At night, I am woken up by the sound of incessant scratching. I turn on the lights, kick the furniture until it goes quiet. I will have to deal with it in the morning.

Your complaint has been registered. That is the most that they will say at the one phone number that picks up and doesn’t redirect me. When I tell my neighbours we should do something about it they tell me the contract will expire by the end of the year, that in January there will be a new service handling the garbage. January is two and a half months away.

At the provisions store at the end of the road I contemplate rat poison. On the box, beside the picture of an upside down rat, feet curled in the air with skull-and-crossbones hovering above it, is an assurance that the rodent will go outside to die of thirst. A final politeness on its part. I ask for a trap instead. The shopkeeper hands me a heavy contraption—a wood and wire-mesh box crudely nailed together with a trapdoor on a spring—large enough to hold a small cat.
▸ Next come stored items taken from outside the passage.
(* Let $d\ge 2$ and let $P_1,\dots,P_m$ be pumpkin graphs all of degree $d$, where $P_i$ has edge length $\ell_i>0$ (lengths may differ between different $P_i$). For a permutation $\sigma$ of $\{1,\dots,m\}$, let $C_\sigma$ be the chain $P_{\sigma(1)},P_{\sigma(2)},\dots,P_{\sigma(m)}$, i.e. the graph obtained by identifying the second vertex of $P_{\sigma(i)}$ with the first vertex of $P_{\sigma(i+1)}$ for $i=1,\dots,m-1$; its two end vertices are the first vertex $a_\sigma$ of $P_{\sigma(1)}$ and the second vertex $b_\sigma$ of $P_{\sigma(m)}$. Then: (i) the spectrum of $\mathbf{L}(C_\sigma)$ with standard vertex conditions does not depend on $\sigma$; (ii) more generally, for any compact metric graphs $G$, $H$ with chosen vertices $g\in G$, $h\in H$, the graph obtained from $C_\sigma$ by identifying $a_\sigma$ with $g$ and $b_\sigma$ with $h$ has spectrum independent of $\sigma$; and likewise for any compact graph $G$ with two chosen vertices $g_1,g_2$, the graph obtained by identifying $a_\sigma$ with $g_1$ and $b_\sigma$ with $g_2$ has spectrum independent of $\sigma$. In particular each end vertex of such a chain is a hot vertex.
   Context: A pumpkin graph of degree $d$ with edge length $\ell$ consists of two vertices joined by $d$ parallel edges, each of length $\ell$ (a loop is regarded as a pumpkin graph of degree $2$, two vertices joined by two edges). On each edge the operator is $\mathbf{L}=-\frac{d^2}{dx^2}$ with standard (Neumann–Kirchhoff) vertex conditions: continuity at each vertex and vanishing sum of outward normal derivatives. Spectra are taken with multiplicities. A vertex of a graph (within a family of isospectral graphs) is called hot if attaching (by identifying one of its vertices with the hot vertex) the same arbitrary compact graph at that vertex in each member of the family yields isospectral graphs. *)

theory Defs
  imports "HOL-Analysis.Analysis" "HOL-Library.Extended_Nat"
begin

text \<open>A compact metric graph: finitely many vertices and edges; each edge e is
  identified with the interval [0, len e], the point 0 sitting at vertex src e
  and the point len e sitting at vertex tgt e (loops allowed, multiple edges allowed).\<close>

record ('v, 'e) mgraph =
  verts :: "'v set"
  edges :: "'e set"
  src :: "'e \<Rightarrow> 'v"
  tgt :: "'e \<Rightarrow> 'v"
  len :: "'e \<Rightarrow> real"

definition wf_mgraph :: "('v, 'e) mgraph \<Rightarrow> bool" where
  "wf_mgraph G \<longleftrightarrow> finite (verts G) \<and> finite (edges G) \<and>
     (\<forall>e\<in>edges G. src G e \<in> verts G \<and> tgt G e \<in> verts G \<and> len G e > 0)"

text \<open>Eigenfunction (possibly zero) of L = -d^2/dx^2 with standard
  (continuity + Kirchhoff) vertex conditions, for the eigenvalue lam.
  The function on edge e is phi e, considered on [0, len e].\<close>

definition eigenfunction :: "('v, 'e) mgraph \<Rightarrow> real \<Rightarrow> ('e \<Rightarrow> real \<Rightarrow> real) \<Rightarrow> bool" where
  "eigenfunction G lam phi \<longleftrightarrow>
     (\<forall>e\<in>edges G. \<exists>phi'.
        \<forall>x\<in>{0..len G e}.
          (phi e has_real_derivative phi' x) (at x within {0..len G e}) \<and>
          (phi' has_real_derivative (- lam * phi e x)) (at x within {0..len G e})) \<and>
     \<comment> \<open>continuity at each vertex\<close>
     (\<forall>v\<in>verts G. \<forall>e1\<in>edges G. \<forall>e2\<in>edges G. \<forall>x1 x2.
        ((src G e1 = v \<and> x1 = 0) \<or> (tgt G e1 = v \<and> x1 = len G e1)) \<longrightarrow>
        ((src G e2 = v \<and> x2 = 0) \<or> (tgt G e2 = v \<and> x2 = len G e2)) \<longrightarrow>
        phi e1 x1 = phi e2 x2) \<and>
     \<comment> \<open>Kirchhoff: the sum of outward normal derivatives vanishes\<close>
     (\<forall>v\<in>verts G.
        (\<Sum>e\<in>{e\<in>edges G. src G e = v}. vector_derivative (phi e) (at 0 within {0..len G e}))
      - (\<Sum>e\<in>{e\<in>edges G. tgt G e = v}. vector_derivative (phi e) (at (len G e) within {0..len G e}))
      = 0)"

definition lin_indep_on :: "('v, 'e) mgraph \<Rightarrow> nat \<Rightarrow> (nat \<Rightarrow> 'e \<Rightarrow> real \<Rightarrow> real) \<Rightarrow> bool" where
  "lin_indep_on G n Phi \<longleftrightarrow>
     (\<forall>c :: nat \<Rightarrow> real.
        (\<forall>e\<in>edges G. \<forall>x\<in>{0..len G e}. (\<Sum>i<n. c i * Phi i e x) = 0) \<longrightarrow> (\<forall>i<n. c i = 0))"

text \<open>Multiplicity of lam: dimension of the eigenspace (0 if lam is not an eigenvalue).\<close>

definition eig_mult :: "('v, 'e) mgraph \<Rightarrow> real \<Rightarrow> enat" where
  "eig_mult G lam = Sup {enat n | n. \<exists>Phi. (\<forall>i<n. eigenfunction G lam (Phi i)) \<and> lin_indep_on G n Phi}"

definition isospectral :: "('v, 'e) mgraph \<Rightarrow> ('w, 'f) mgraph \<Rightarrow> bool" where
  "isospectral G H \<longleftrightarrow> (\<forall>lam. eig_mult G lam = eig_mult H lam)"

text \<open>Vertices 0..m; the pumpkin in position i has d parallel edges (i,j), j<d,
  from vertex i to vertex i+1. End vertices: 0 and m.\<close>

definition pumpkin_chain :: "nat \<Rightarrow> (nat \<Rightarrow> real) \<Rightarrow> nat \<Rightarrow> (nat \<Rightarrow> nat) \<Rightarrow> (nat, nat \<times> nat) mgraph" where
  "pumpkin_chain d l m \<sigma> =
     \<lparr> verts = {0..m}, edges = {(i, j). i < m \<and> j < d},
       src = (\<lambda>(i, j). i), tgt = (\<lambda>(i, j). Suc i), len = (\<lambda>(i, j). l (\<sigma> i)) \<rparr>"

definition glue_two :: "('v, 'e) mgraph \<Rightarrow> 'v \<Rightarrow> ('w, 'f) mgraph \<Rightarrow> 'w \<Rightarrow> nat \<Rightarrow>
    (nat, nat \<times> nat) mgraph \<Rightarrow> ('v + 'w + nat, 'e + 'f + nat \<times> nat) mgraph" where
  "glue_two G g H h m C =
     (let cv = (\<lambda>k. if k = 0 then Inl g else if k = m then Inr (Inl h) else Inr (Inr k)) in
     \<lparr> verts = Inl ` verts G \<union> (Inr \<circ> Inl) ` verts H \<union> cv ` verts C,
       edges = Inl ` edges G \<union> (Inr \<circ> Inl) ` edges H \<union> (Inr \<circ> Inr) ` edges C,
       src = case_sum (\<lambda>e. Inl (src G e)) (case_sum (\<lambda>e. Inr (Inl (src H e))) (\<lambda>e. cv (src C e))),
       tgt = case_sum (\<lambda>e. Inl (tgt G e)) (case_sum (\<lambda>e. Inr (Inl (tgt H e))) (\<lambda>e. cv (tgt C e))),
       len = case_sum (len G) (case_sum (len H) (len C)) \<rparr>)"

definition glue_one :: "('v, 'e) mgraph \<Rightarrow> 'v \<Rightarrow> 'v \<Rightarrow> nat \<Rightarrow>
    (nat, nat \<times> nat) mgraph \<Rightarrow> ('v + nat, 'e + nat \<times> nat) mgraph" where
  "glue_one G g1 g2 m C =
     (let cv = (\<lambda>k. if k = 0 then Inl g1 else if k = m then Inl g2 else Inr k) in
     \<lparr> verts = Inl ` verts G \<union> cv ` verts C,
       edges = Inl ` edges G \<union> Inr ` edges C,
       src = case_sum (\<lambda>e. Inl (src G e)) (\<lambda>e. cv (src C e)),
       tgt = case_sum (\<lambda>e. Inl (tgt G e)) (\<lambda>e. cv (tgt C e)),
       len = case_sum (len G) (len C) \<rparr>)"

end

theory Submission
  imports Defs
begin

text \<open>
  Split an eigenfunction on each pumpkin of the chain into its mean over the d parallel edges
  and the deviations from that mean. Continuity forces the deviations to vanish at both ends of
  every pumpkin, and since the interior chain vertices meet no other edges, continuity and
  Kirchhoff there make the means of consecutive pumpkins glue to a single solution W of
  y'' = - lam y along the whole chain, a function of arc length. Now rearrange the pumpkins,
  each carrying its deviations along, and lay W along the new arc length: this is again an
  eigenfunction. The total length of the chain is unchanged, so the values and fluxes at the
  two end vertices, where the rest of the graph is attached, stay the same. The map is linear
  and injective, so multiplicities can only grow, and by symmetry they agree.
\<close>

definition cos_lam :: "real \<Rightarrow> real \<Rightarrow> real" where
  "cos_lam lam t =
     (if lam > 0 then cos (sqrt lam * t) else if lam = 0 then 1 else cosh (sqrt (- lam) * t))"

definition sin_lam :: "real \<Rightarrow> real \<Rightarrow> real" where
  "sin_lam lam t =
     (if lam > 0 then sin (sqrt lam * t) / sqrt lam else if lam = 0 then t
      else sinh (sqrt (- lam) * t) / sqrt (- lam))"

lemma cos_lam_0 [simp]: "cos_lam lam 0 = 1"
  by (simp add: cos_lam_def)

lemma sin_lam_0 [simp]: "sin_lam lam 0 = 0"
  by (simp add: sin_lam_def)

lemma real_sign_cases:
  fixes lam :: real
  obtains (pos) k where "k > 0" "lam = k\<^sup>2" | (zero) "lam = 0" | (neg) k where "k > 0" "lam = - k\<^sup>2"
proof (cases "lam > 0")
  case True
  then show ?thesis using pos[of "sqrt lam"] by simp
next
  case False
  then show ?thesis using zero neg[of "sqrt (- lam)"] by (cases "lam = 0") simp_all
qed

lemma
  assumes "k > 0"
  shows cos_lam_pos: "cos_lam (k\<^sup>2) = (\<lambda>t. cos (k * t))"
    and sin_lam_pos: "sin_lam (k\<^sup>2) = (\<lambda>t. sin (k * t) / k)"
    and cos_lam_neg: "cos_lam (- k\<^sup>2) = (\<lambda>t. cosh (k * t))"
    and sin_lam_neg: "sin_lam (- k\<^sup>2) = (\<lambda>t. sinh (k * t) / k)"
  using assms by (auto simp: cos_lam_def sin_lam_def)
Already the garbage bin on the street flows over with food waste and polythene bags that congeal and stick together to form a buzzing, breathing mass. It drips fluids that collect in little pools of brown and green and oily black. It smells alive; it smells of death; with its stench it lays claim to this street and calls out to its cousins around the neighbourhood and the city and the country who rise up and envelop us in a loud chorus of smell. The maids who bring down garbage bags from the apartments no longer aim at the bin as they toss them from halfway across the road – for them to land in the general vicinity is enough. The bin only marks the epicentre of an expanding zone of filth, encroaching steadily upon the world. I fired our maid long ago, telling her that I would find someone who could do a better job of keeping this house clean, or I would do it myself. She left without complaint, dropping broom and dustpan and a little pile of dust on the living room floor before walking out the front door. She had her own home to clean, I suppose, in some part of town where the streets are sewers. Now, I get as close as I can to the bin outside my building, stand at the edge of the sea of garbage that surrounds it, and hurl my bag of trash at its mouth. The bag hits the rim of the bin and breaks, sending submerged scavengers scurrying away.

From the bottom of the shoe rack I dig out an old rubber slipper. I realise that this is the first time I’ve thought of my wife all day. I used to feel ashamed about this kind of thing; now when she tells me I don’t call often enough I see no point in feeling shame. In a clean country, I will tell her, there is more time to think of your beloved. My mind is occupied with other things. When she asks if I’m keeping the house in order, I will say nothing of the ongoing invasion, of the cockroach squirming and spasming under the heel of her old slipper. Somewhere nearby an egg case breaks open; faster, more elusive cockroaches are being born.

The garbage climbs over the walls, up the stairs. When I call the lift, the doors open on my floor to spit out toffee wrappers and banana peels.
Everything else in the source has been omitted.